Word for word, set down every line of the entries below from the line with "gen \<Rightarrow> (complex" to the line with "ueq (H 0 p) one \<and>", including both, and no other line.

(Saved entries)

[Start of Attachment]

lemma letter_op_ucommutes_left:
  assumes "\<forall>(q, b, g)\<in>set T. q p z = 0 \<or> ucommutes (lt h) (lt g)"
  shows "ueq (lt h \<odot> letter_op T p z X) (letter_op T p z (lt h \<odot> X))"
  using assms
proof (induction T)
  case Nil then show ?case by (simp add: letter_op_Nil)
next
  case (Cons x T)
  obtain q b g where x: "x = (q, b, g)" by (cases x) auto
  have "ueq (sscal (q p z) (lt h \<odot> letter_mul b g X)) (sscal (q p z) (letter_mul b g (lt h \<odot> X)))"
  proof (cases "q p z = 0")
    case False
    then have "ucommutes (lt h) (lt g)" using Cons.prems x by auto
    then have "ueq (lt h \<odot> lt g \<odot> X) (lt g \<odot> lt h \<odot> X)" by (simp add: ucommutes_def ueq_smul_left)
    then show ?thesis by (simp add: letter_mul_def smul_assoc ueq_sscal)
  qed (simp add: sscal_def)
  moreover have "ueq (lt h \<odot> letter_op T p z X) (letter_op T p z (lt h \<odot> X))" using Cons by auto
  ultimately show ?case
    unfolding x letter_op_Cons smul_sadd_right smul_sscal_right by (rule ueq_sadd)
qed

lemma letter_op_smul_right:
  assumes "\<forall>(q, b, g)\<in>set T. b \<or> ucommutes (lt g) C"
  shows "ueq (letter_op T p z X \<odot> C) (letter_op T p z (X \<odot> C))"
  using assms
proof (induction T)
  case Nil then show ?case by (simp add: letter_op_Nil)
next
  case (Cons x T)
  obtain q b g where x: "x = (q, b, g)" by (cases x) auto
  have "ueq (letter_mul b g X \<odot> C) (letter_mul b g (X \<odot> C))"
  proof (cases b)
    case False
    then have "ucommutes (lt g) C" using Cons.prems x by auto
    then have "ueq (X \<odot> (lt g \<odot> C)) (X \<odot> (C \<odot> lt g))" by (intro ueq_smul_right) (simp add: ucommutes_def)
    then show ?thesis using False by (simp add: letter_mul_def smul_assoc)
  qed (simp add: letter_mul_def smul_assoc)
  moreover have "ueq (letter_op T p z X \<odot> C) (letter_op T p z (X \<odot> C))" using Cons by auto
  ultimately show ?case
    unfolding x letter_op_Cons smul_sadd_left smul_sscal_left by (intro ueq_sadd ueq_sscal)
qed

lemma solution_smul_right:
  assumes X: "\<forall>w. (\<lambda>t. X t w) holomorphic_on ball 0 r" and z: "z \<in> slit r"
    and X_eq: "ueq (sderiv X z) (letter_op T p z (X z))"
    and C: "\<forall>(q, b, g)\<in>set T. b \<or> ucommutes (lt g) C"
  shows "ueq (sderiv (\<lambda>t. X t \<odot> C) z) (letter_op T p z (X z \<odot> C))"
proof -
  have "sderiv (\<lambda>t. X t \<odot> C) z = sderiv X z \<odot> C"
    by (intro has_sderiv_imp_sderiv has_sderiv_smul_const_right
        holomorphic_has_sderiv[OF X open_ball slit_imp_ball[OF z]])
  also have "ueq \<dots> (letter_op T p z (X z) \<odot> C)" by (rule ueq_smul_left[OF X_eq])
  also have "ueq \<dots> (letter_op T p z (X z \<odot> C))" by (rule letter_op_smul_right[OF C])
  finally show ?thesis .
qed

lemma ucommutes_solution:
  assumes r: "0 < r" and A: "\<forall>w. (\<lambda>t. A t w) holomorphic_on ball 0 r" and A0: "ueq (A 0) one"
    and A_eq: "\<forall>z\<in>slit r. ueq (sderiv A z) (letter_op T p z (A z))"
    and left: "\<forall>z\<in>slit r. \<forall>(q, b, g)\<in>set T. q p z = 0 \<or> ucommutes (lt h) (lt g)"
    and right: "\<forall>(q, b, g)\<in>set T. b \<or> ucommutes (lt g) (lt h)"
  shows "\<forall>z\<in>slit r. ucommutes (lt h) (A z)"
proof -
  have "\<forall>z\<in>slit r. ueq (lt h \<odot> A z) (A z \<odot> lt h)"
  proof (rule letter_op_solution_unique[OF r, where p = p and T = T])
    show "\<forall>w. (\<lambda>z. (lt h \<odot> A z) w) holomorphic_on ball 0 r" by (rule smul_holomorphic_on[OF _ A]) simp
    show "\<forall>w. (\<lambda>z. (A z \<odot> lt h) w) holomorphic_on ball 0 r" by (rule smul_holomorphic_on[OF A]) simp
    have "ueq (lt h \<odot> A 0) (lt h \<odot> one)" "ueq (one \<odot> lt h) (A 0 \<odot> lt h)"
      using ueq_smul_right[OF A0] ueq_smul_left[OF ueq_sym[OF A0]] by auto
    then show "ueq (lt h \<odot> A 0) (A 0 \<odot> lt h)" by (metis one_smul smul_one ueq_trans)
    show "\<forall>z\<in>slit r. ueq (sderiv (\<lambda>z. A z \<odot> lt h) z) (letter_op T p z (A z \<odot> lt h))"
      using A_eq right by (blast intro: solution_smul_right[OF A])
    show "\<forall>z\<in>slit r. ueq (sderiv (\<lambda>z. lt h \<odot> A z) z) (letter_op T p z (lt h \<odot> A z))"
    proof
      fix z assume z: "z \<in> slit r"
      have "sderiv (\<lambda>z. lt h \<odot> A z) z = lt h \<odot> sderiv A z"
        by (intro has_sderiv_imp_sderiv has_sderiv_smul_const_left
            holomorphic_has_sderiv[OF A open_ball slit_imp_ball[OF z]])
      also have "ueq \<dots> (lt h \<odot> letter_op T p z (A z))" using A_eq z by (intro ueq_smul_right) auto
      also have "ueq \<dots> (letter_op T p z (lt h \<odot> A z))"
        using left z by (intro letter_op_ucommutes_left) auto
      finally show "ueq (sderiv (\<lambda>z. lt h \<odot> A z) z) (letter_op T p z (lt h \<odot> A z))" .
    qed
  qed
  then show ?thesis by (simp add: ucommutes_def)
qed


lemma factorization_unique:
  assumes r: "0 < r" and z: "z \<in> slit r"
    and L: "\<forall>t\<in>slit r. has_sderiv L t (sderiv L t) \<and> ueq (sderiv L t) (Om t \<odot> L t)"
    and Om: "\<forall>t Y. ssub (Om t \<odot> Y) (sscal (1 / t) (Y \<odot> lt g)) = letter_op T p t Y"
    and G: "\<forall>w. (\<lambda>t. G t w) holomorphic_on ball 0 r"
    and A: "\<forall>w. (\<lambda>t. A t w) holomorphic_on ball 0 r"
    and GA0: "ueq (G 0) (A 0)"
    and A_eq: "\<forall>t\<in>slit r. ueq (sderiv A t) (letter_op T p t (A t))"
    and LG: "\<forall>t\<in>slit r. ueq (L t) (G t \<odot> zpow g t \<odot> Q)"
    and LA: "ueq (L z) (A z \<odot> zpow g z \<odot> R)"
    and L_Nil: "L z [] \<noteq> 0"
  shows "ueq (G z \<odot> zpow g z) (A z \<odot> zpow g z) \<and> ueq Q R"
proof -
  have Q0: "Q [] \<noteq> 0" and A_Nil: "A z [] \<noteq> 0"
    using ueq_Nil[OF LG[rule_format, OF z]] ueq_Nil[OF LA] L_Nil by (auto simp: zpow_Nil)
  have G_slit: "\<forall>w. (\<lambda>t. G t w) holomorphic_on slit r"
    using G holomorphic_on_subset[OF _ slit_subset_ball] by blast
  have "ueq (sderiv G t) (letter_op T p t (G t))" if t: "t \<in> slit r" for t
  proof -
    have "has_sderiv L t (sderiv L t)" "ueq (sderiv L t) (Om t \<odot> L t)" using L t by auto
    from holomorphic_part_equation[OF open_slit t slit_not_nonpos_Reals[OF t] G_slit this LG Q0]
    show ?thesis by (simp only: Om)
  qed
  then have "\<forall>t\<in>slit r. ueq (G t) (A t)"
    using A_eq by (intro letter_op_solution_unique[OF r G A GA0]) auto
  then have GA: "ueq (G z \<odot> zpow g z) (A z \<odot> zpow g z)" using z by (intro ueq_smul_left) auto
  have "ueq (A z \<odot> zpow g z \<odot> Q) (L z)"
    using ueq_sym[OF ueq_smul_left[OF GA, of Q]] ueq_sym[OF LG[rule_format, OF z]] by (rule ueq_trans)
  then have "ueq ((A z \<odot> zpow g z) \<odot> Q) ((A z \<odot> zpow g z) \<odot> R)" using LA by (rule ueq_trans)
  moreover have "(sexp g (- Ln z) \<odot> sinverse (A z)) \<odot> (A z \<odot> zpow g z)
      = sexp g (- Ln z) \<odot> ((sinverse (A z) \<odot> A z) \<odot> zpow g z)" by (simp add: smul_assoc)
  then have "(sexp g (- Ln z) \<odot> sinverse (A z)) \<odot> (A z \<odot> zpow g z) = one"
    using sinverse_smul[of "A z", OF A_Nil] zpow_inverse(2) by simp
  ultimately have "ueq Q R" by (rule ueq_cancel_left[rotated])
  with GA show ?thesis ..
qed


section \<open>The formal 2KZ system\<close>

text \<open>Terms of the \<open>z\<^sub>1\<close>- and \<open>z\<^sub>2\<close>-equations for the holomorphic parts, with active variable
  \<open>z\<close> and passive variable \<open>p\<close>; the last term comes from differentiating \<open>z\<^sup>Z\<close>.\<close>

definition terms1 :: term_list where
  "terms1 = [(\<lambda>p z. 1 / z, True, Z1), (\<lambda>p z. 1 / (1 - z), True, Z11),
             (\<lambda>p z. p / (1 - z * p), True, Z12), (\<lambda>p z. - (1 / z), False, Z1)]"

definition terms2 :: term_list where
  "terms2 = [(\<lambda>p z. 1 / z, True, Z2), (\<lambda>p z. 1 / (1 - z), True, Z22),
             (\<lambda>p z. p / (1 - p * z), True, Z12), (\<lambda>p z. - (1 / z), False, Z2)]"

lemma letter_op_terms1: "ssub (Om1 z1 z2 \<odot> X) (sscal (1 / z1) (X \<odot> lt Z1)) = letter_op terms1 z2 z1 X"
  by (rule ext) (simp add: terms1_def letter_op_def letter_mul_def Om1_def smul_sadd_left
      smul_sscal_left ser_apply algebra_simps)

lemma letter_op_terms2: "ssub (Om2 z1 z2 \<odot> X) (sscal (1 / z2) (X \<odot> lt Z2)) = letter_op terms2 z1 z2 X"
  by (rule ext) (simp add: terms2_def letter_op_def letter_mul_def Om2_def smul_sadd_left
      smul_sscal_left ser_apply algebra_simps)

lemma letter_op_terms1_axis: "ssub (Om1s z \<odot> X) (sscal (1 / z) (X \<odot> lt Z1)) = letter_op terms1 0 z X"
  by (rule ext) (simp add: terms1_def letter_op_def letter_mul_def Om1s_def smul_sadd_left
      smul_sscal_left ser_apply algebra_simps)

lemma letter_op_terms2_axis: "ssub (Om2s z \<odot> X) (sscal (1 / z) (X \<odot> lt Z2)) = letter_op terms2 0 z X"
  by (rule ext) (simp add: terms2_def letter_op_def letter_mul_def Om2s_def smul_sadd_left
      smul_sscal_left ser_apply algebra_simps)

lemma terms_continuous:
  assumes \<rho>: "0 < \<rho>" "\<rho> \<le> 1" and q: "(q, b, g) \<in> set terms1 \<union> set terms2"
  shows "continuous_on (cball 0 (\<rho>/2) \<times> (ball 0 \<rho> - {0})) (\<lambda>x. q (fst x) (snd x))"
proof -
  have nonzero: "snd x \<noteq> 0" "1 - snd x \<noteq> 0" "1 - fst x * snd x \<noteq> 0" "1 - snd x * fst x \<noteq> 0"
    if "x \<in> cball 0 (\<rho>/2) \<times> (ball 0 \<rho> - {0})" for x :: "complex \<times> complex"
  proof -
    have "norm (snd x) < 1" "norm (fst x) < 1" using that \<rho> by auto
    moreover from this have "norm (fst x * snd x) < 1"
      by (simp add: norm_mult) (metis mult_strict_mono' norm_ge_zero mult_1_right)
    ultimately show "snd x \<noteq> 0" "1 - snd x \<noteq> 0" "1 - fst x * snd x \<noteq> 0" "1 - snd x * fst x \<noteq> 0"
      using that by (auto simp: mult.commute)
  qed
  from q consider "q = (\<lambda>p z. 1 / z)" | "q = (\<lambda>p z. 1 / (1 - z))" | "q = (\<lambda>p z. p / (1 - z * p))"
    | "q = (\<lambda>p z. p / (1 - p * z))" | "q = (\<lambda>p z. - (1 / z))"
    unfolding terms1_def terms2_def by auto
  then show ?thesis
  proof cases
    case 1 then show ?thesis by (simp only:) (intro continuous_intros; use nonzero in blast)
  next
    case 2 then show ?thesis by (simp only:) (intro continuous_intros; use nonzero in blast)
  next
    case 3 then show ?thesis by (simp only:) (intro continuous_intros; use nonzero in blast)
  next
    case 4 then show ?thesis by (simp only:) (intro continuous_intros; use nonzero in blast)
  next
    case 5 then show ?thesis by (simp only:) (intro continuous_intros; use nonzero in blast)
  qed
qed

text \<open>The normalized fundamental solutions with an explicit radius, so that all radii can be
  shrunk to a common one.\<close>

definition fsol1_on :: "real \<Rightarrow> gen \<Rightarrow> (complex \<Rightarrow> complex \<Rightarrow> ser) \<Rightarrow> (complex \<Rightarrow> complex \<Rightarrow> ser) \<Rightarrow> bool"
  where "fsol1_on r g A H \<longleftrightarrow> (\<forall>p\<in>ball 0 r.
     (\<forall>w. (\<lambda>z. H z p w) holomorphic_on ball 0 r) \<and>
     (\<forall>z\<in>ball 0 r. H z p [] = 1) \<and>
     ueq (H 0 p) one \<and>
     (\<forall>z\<in>slit r. ueq (sderiv (\<lambda>t. H t p \<odot> zpow g t) z) (A z p \<odot> (H z p \<odot> zpow g z))))"

definition fsol2KZ_on :: "real \<Rightarrow> (complex \<Rightarrow> complex \<Rightarrow> ser) \<Rightarrow> bool" where
  "fsol2KZ_on r H \<longleftrightarrow>
     (\<forall>w. \<forall>z2\<in>ball 0 r. (\<lambda>z1. H z1 z2 w) holomorphic_on ball 0 r) \<and>
     (\<forall>w. \<forall>z1\<in>ball 0 r. (\<lambda>z2. H z1 z2 w) holomorphic_on ball 0 r) \<and>
     (\<forall>z1\<in>ball 0 r. \<forall>z2\<in>ball 0 r. H z1 z2 [] = 1) \<and>
     ueq (H 0 0) one \<and>
     (\<forall>z1\<in>slit r. \<forall>z2\<in>slit r.
        ueq (sderiv (\<lambda>t. Lof H t z2) z1) (Om1 z1 z2 \<odot> Lof H z1 z2) \<and>
        ueq (sderiv (\<lambda>t. Lof H z1 t) z2) (Om2 z1 z2 \<odot> Lof H z1 z2))"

[End of Attachment]

### SOLUTION TO THE EXERCISE
definition fsol1_on :: "real \<Rightarrow> gen \<Rightarrow> (complex \<Rightarrow> complex \<Rightarrow> ser) \<Rightarrow> (complex \<Rightarrow> complex \<Rightarrow> ser) \<Rightarrow> bool"
  where "fsol1_on r g A H \<longleftrightarrow> (\<forall>p\<in>ball 0 r.
     (\<forall>w. (\<lambda>z. H z p w) holomorphic_on ball 0 r) \<and>
     (\<forall>z\<in>ball 0 r. H z p [] = 1) \<and>
     ueq (H 0 p) one \<and>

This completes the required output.